* _Task description_:
Go through the listing below from its first line and repeat each line exactly, ending at the line containing "(\<Sum>n\<in>F. f k" and including it.

* _Material for this task_:
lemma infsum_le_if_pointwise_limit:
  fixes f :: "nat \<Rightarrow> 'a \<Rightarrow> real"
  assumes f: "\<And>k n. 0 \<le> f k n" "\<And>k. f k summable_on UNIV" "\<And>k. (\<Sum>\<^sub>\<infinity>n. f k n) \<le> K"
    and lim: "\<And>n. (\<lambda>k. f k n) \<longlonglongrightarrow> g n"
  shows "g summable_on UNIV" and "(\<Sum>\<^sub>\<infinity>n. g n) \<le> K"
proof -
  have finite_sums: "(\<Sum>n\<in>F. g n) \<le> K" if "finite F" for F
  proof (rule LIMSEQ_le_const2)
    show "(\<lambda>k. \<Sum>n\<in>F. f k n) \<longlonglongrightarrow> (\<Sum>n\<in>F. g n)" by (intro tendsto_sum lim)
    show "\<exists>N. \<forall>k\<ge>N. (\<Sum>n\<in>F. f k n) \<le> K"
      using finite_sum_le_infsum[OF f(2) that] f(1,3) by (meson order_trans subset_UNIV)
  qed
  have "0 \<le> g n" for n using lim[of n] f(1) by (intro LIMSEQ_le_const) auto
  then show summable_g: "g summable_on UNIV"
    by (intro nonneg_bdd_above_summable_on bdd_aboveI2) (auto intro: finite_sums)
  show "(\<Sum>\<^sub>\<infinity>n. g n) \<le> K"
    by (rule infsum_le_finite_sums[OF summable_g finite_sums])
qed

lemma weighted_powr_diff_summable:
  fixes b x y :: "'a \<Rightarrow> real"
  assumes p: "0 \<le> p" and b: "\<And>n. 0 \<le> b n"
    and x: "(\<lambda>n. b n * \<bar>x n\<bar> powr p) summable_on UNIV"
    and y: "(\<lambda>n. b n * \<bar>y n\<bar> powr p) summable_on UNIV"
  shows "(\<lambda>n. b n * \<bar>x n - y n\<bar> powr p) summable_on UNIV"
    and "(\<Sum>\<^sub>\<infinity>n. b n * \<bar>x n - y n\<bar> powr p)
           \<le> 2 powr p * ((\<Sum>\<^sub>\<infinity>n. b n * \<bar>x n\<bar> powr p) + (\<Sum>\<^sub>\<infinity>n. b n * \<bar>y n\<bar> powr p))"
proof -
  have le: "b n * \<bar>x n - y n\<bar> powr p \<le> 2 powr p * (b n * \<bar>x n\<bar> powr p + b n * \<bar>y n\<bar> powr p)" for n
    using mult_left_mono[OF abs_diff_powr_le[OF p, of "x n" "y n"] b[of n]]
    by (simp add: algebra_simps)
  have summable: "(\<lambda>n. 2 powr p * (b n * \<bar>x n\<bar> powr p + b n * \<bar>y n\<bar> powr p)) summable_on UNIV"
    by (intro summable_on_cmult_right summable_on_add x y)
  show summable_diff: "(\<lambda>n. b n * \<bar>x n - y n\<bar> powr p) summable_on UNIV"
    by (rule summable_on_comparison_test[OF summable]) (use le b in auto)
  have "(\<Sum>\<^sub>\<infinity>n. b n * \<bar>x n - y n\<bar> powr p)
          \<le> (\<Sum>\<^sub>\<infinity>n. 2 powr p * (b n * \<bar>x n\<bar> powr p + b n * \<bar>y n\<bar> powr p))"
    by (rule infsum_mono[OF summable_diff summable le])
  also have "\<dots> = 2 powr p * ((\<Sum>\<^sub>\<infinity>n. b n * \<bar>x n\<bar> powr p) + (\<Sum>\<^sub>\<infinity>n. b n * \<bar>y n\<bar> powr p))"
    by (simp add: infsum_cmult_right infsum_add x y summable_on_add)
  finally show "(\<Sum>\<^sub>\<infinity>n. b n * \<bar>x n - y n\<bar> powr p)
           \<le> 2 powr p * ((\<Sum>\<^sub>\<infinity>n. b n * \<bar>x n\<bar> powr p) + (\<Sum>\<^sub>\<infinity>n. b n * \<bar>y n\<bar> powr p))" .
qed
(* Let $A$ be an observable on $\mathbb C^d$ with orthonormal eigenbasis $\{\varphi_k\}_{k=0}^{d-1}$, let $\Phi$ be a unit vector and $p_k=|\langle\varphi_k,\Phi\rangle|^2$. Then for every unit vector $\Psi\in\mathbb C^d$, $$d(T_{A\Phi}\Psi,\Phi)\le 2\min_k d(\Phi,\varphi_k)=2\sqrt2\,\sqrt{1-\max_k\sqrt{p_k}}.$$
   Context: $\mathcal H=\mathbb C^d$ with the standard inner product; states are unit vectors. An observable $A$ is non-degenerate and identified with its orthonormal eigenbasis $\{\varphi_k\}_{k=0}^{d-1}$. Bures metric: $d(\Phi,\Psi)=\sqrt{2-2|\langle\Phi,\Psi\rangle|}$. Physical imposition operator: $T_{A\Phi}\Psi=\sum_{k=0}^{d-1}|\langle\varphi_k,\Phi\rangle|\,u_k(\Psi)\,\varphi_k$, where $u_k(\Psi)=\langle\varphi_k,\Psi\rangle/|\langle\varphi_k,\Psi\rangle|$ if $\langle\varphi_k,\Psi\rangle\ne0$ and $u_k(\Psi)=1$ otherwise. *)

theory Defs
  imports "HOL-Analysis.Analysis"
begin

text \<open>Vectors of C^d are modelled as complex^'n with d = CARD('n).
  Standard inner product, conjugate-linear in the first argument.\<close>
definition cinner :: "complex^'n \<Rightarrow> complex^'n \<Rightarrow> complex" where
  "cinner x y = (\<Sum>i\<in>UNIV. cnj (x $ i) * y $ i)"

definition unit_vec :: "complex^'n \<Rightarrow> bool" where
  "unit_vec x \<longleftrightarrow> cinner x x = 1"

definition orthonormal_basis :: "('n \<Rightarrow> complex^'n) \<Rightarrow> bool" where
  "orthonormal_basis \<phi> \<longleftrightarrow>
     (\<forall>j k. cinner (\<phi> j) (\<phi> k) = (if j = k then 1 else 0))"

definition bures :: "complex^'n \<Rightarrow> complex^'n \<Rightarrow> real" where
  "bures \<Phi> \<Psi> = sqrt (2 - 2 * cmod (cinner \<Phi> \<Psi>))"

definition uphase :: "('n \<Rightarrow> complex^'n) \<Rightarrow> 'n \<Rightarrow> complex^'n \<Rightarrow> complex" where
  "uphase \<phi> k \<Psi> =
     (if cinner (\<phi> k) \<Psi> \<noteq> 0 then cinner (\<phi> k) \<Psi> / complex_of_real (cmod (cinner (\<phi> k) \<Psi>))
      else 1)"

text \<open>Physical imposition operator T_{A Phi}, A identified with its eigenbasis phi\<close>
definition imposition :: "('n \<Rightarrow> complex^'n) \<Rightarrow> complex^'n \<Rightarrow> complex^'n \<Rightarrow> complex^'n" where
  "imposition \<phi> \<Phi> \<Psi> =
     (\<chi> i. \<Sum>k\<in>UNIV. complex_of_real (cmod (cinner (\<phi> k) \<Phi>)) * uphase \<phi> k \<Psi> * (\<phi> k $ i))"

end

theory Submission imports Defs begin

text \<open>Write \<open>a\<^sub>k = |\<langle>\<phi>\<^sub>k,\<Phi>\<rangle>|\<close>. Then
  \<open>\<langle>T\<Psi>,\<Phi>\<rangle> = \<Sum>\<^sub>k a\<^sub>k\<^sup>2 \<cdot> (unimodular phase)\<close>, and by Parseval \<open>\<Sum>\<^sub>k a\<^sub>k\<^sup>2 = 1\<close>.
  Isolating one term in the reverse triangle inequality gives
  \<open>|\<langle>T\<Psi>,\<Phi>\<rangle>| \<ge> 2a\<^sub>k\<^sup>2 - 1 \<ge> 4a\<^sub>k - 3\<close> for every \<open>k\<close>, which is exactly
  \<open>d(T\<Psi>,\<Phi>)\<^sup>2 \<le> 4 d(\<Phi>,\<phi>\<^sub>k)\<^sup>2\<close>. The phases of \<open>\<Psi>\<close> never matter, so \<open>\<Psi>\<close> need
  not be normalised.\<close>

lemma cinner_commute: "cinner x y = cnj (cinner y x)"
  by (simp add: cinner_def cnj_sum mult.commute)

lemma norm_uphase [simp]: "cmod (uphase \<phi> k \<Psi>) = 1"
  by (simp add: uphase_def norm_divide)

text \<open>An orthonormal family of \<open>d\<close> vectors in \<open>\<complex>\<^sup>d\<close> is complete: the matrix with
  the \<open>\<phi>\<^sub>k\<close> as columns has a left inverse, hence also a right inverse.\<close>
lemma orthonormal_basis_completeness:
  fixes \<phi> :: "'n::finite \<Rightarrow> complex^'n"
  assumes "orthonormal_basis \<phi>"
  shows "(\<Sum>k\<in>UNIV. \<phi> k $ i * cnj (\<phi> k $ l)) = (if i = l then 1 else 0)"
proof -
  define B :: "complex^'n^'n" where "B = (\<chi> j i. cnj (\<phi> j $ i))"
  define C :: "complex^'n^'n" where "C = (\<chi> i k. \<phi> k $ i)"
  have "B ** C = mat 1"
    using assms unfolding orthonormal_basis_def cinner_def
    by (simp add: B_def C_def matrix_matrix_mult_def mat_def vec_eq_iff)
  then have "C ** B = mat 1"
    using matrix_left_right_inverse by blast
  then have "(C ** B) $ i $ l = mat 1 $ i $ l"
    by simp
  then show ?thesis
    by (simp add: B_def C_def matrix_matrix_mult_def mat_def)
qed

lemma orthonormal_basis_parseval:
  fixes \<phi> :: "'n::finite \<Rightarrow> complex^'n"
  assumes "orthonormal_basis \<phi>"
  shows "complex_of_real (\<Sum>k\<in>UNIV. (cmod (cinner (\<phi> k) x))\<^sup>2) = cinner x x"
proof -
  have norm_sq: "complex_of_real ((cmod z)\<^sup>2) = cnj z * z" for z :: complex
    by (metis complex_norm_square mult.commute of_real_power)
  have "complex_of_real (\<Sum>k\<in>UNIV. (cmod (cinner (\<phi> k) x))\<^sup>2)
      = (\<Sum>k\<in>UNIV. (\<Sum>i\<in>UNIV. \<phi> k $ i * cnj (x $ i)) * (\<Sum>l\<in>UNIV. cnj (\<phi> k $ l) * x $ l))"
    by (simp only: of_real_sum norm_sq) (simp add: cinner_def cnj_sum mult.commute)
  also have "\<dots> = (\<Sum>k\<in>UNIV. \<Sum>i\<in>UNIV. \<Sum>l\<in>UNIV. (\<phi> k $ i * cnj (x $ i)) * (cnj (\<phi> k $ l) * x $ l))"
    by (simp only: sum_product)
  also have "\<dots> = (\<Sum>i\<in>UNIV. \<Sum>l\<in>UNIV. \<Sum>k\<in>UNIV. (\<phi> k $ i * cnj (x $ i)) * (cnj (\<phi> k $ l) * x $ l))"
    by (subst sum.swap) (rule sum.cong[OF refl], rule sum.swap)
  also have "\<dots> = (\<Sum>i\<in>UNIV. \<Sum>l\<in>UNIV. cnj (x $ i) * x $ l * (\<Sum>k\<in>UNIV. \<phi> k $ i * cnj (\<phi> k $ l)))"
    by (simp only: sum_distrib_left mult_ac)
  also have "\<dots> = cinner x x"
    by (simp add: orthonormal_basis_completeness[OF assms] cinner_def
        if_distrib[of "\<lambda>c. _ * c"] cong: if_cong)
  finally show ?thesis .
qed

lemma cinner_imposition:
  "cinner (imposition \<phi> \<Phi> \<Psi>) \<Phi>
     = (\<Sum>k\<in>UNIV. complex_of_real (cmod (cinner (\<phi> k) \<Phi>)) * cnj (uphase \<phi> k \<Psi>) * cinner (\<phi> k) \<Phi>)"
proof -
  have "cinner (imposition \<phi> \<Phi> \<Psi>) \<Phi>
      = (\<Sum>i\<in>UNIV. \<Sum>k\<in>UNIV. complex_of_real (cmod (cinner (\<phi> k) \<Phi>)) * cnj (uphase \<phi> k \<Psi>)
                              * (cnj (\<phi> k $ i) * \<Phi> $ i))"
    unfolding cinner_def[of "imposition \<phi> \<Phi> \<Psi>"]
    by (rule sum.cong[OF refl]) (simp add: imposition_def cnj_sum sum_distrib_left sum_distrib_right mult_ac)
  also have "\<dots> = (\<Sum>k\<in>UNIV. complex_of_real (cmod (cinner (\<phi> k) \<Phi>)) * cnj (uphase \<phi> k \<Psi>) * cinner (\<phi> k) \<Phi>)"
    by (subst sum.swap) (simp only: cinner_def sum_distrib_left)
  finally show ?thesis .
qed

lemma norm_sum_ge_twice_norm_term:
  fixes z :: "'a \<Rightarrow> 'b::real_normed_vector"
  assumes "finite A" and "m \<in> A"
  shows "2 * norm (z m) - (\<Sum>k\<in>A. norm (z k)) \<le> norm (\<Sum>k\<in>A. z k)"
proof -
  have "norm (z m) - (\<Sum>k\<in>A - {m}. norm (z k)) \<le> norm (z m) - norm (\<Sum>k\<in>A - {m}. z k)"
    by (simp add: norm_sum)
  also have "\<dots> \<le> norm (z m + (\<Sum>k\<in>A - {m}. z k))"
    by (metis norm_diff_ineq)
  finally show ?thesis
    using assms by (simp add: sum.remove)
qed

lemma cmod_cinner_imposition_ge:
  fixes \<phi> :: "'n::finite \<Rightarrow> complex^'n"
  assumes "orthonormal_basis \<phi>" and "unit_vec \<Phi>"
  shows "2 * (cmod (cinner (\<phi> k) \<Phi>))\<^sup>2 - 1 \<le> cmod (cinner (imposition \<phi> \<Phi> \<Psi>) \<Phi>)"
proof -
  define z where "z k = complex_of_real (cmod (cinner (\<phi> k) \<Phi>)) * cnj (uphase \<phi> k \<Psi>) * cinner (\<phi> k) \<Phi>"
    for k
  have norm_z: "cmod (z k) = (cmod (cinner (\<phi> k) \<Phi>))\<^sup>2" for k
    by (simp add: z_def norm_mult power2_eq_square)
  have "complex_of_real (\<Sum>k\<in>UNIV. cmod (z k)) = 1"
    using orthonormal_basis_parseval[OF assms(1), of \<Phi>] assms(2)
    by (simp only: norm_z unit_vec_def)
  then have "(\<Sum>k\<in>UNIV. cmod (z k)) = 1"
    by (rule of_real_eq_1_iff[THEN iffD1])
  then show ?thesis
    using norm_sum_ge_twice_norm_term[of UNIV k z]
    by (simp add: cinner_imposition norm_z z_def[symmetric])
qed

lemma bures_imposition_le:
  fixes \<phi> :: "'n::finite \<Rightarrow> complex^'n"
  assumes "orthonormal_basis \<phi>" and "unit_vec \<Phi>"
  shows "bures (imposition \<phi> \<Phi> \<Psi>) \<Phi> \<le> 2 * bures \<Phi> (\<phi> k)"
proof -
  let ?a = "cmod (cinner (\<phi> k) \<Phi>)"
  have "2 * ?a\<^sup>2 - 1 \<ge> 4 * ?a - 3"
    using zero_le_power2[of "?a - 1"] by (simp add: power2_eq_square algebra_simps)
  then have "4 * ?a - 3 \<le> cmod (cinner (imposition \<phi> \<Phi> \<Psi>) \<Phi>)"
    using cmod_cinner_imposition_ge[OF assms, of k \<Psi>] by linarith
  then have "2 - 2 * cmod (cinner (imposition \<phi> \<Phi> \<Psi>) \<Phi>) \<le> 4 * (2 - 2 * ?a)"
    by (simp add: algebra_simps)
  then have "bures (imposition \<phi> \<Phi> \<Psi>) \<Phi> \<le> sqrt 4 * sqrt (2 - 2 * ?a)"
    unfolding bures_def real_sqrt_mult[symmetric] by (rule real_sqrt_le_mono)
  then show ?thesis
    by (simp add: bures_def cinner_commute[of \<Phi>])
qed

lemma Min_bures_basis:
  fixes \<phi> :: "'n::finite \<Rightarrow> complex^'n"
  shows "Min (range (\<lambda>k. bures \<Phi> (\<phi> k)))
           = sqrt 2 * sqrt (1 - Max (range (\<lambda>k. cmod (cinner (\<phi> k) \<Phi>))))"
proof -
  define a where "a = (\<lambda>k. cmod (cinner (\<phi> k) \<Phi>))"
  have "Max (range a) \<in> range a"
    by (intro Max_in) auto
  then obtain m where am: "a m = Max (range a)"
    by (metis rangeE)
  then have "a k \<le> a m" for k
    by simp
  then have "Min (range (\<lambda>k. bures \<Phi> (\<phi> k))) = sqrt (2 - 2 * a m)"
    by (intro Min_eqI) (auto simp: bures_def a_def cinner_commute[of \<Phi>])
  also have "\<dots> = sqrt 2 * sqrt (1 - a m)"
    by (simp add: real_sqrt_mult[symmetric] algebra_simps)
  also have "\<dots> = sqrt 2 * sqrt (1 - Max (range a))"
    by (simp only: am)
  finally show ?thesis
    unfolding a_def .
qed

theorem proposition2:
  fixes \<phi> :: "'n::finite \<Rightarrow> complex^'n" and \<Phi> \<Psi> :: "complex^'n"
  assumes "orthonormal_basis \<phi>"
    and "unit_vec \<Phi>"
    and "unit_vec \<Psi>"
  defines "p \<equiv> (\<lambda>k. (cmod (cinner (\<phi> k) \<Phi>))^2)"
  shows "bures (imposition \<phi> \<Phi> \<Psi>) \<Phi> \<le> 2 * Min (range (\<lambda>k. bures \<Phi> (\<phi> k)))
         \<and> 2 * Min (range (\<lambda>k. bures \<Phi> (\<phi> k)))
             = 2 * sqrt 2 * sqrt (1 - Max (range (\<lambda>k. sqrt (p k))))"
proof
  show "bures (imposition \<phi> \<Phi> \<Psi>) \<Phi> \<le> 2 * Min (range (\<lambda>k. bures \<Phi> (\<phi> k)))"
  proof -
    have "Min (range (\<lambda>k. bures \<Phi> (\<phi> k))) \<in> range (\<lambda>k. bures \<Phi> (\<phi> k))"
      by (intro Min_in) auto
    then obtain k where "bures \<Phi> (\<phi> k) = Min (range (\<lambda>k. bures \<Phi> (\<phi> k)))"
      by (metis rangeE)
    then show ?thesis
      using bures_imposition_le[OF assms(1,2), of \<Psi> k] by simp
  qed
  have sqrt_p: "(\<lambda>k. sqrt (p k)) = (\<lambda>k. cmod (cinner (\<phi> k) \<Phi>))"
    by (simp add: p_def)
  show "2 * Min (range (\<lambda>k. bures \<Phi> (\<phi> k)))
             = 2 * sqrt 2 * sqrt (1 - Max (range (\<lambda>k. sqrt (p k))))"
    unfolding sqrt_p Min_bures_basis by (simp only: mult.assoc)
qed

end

* _Exercise response_:
lemma infsum_le_if_pointwise_limit:
  fixes f :: "nat \<Rightarrow> 'a \<Rightarrow> real"
  assumes f: "\<And>k n. 0 \<le> f k n" "\<And>k. f k summable_on UNIV" "\<And>k. (\<Sum>\<^sub>\<infinity>n. f k n) \<le> K"
    and lim: "\<And>n. (\<lambda>k. f k n) \<longlonglongrightarrow> g n"
  shows "g summable_on UNIV" and "(\<Sum>\<^sub>\<infinity>n. g n) \<le> K"
proof -
  have finite_sums: "(\<Sum>n\<in>F. g n) \<le> K" if "finite F" for F
  proof (rule LIMSEQ_le_const2)
    show "(\<lambda>k. \<Sum>n\<in>F. f k n) \<longlonglongrightarrow> (\<Sum>n\<in>F. g n)" by (intro tendsto_sum lim)
    show "\<exists>N. \<forall>k\<ge>N. (\<Sum>n\<in>F. f k n) \<le> K"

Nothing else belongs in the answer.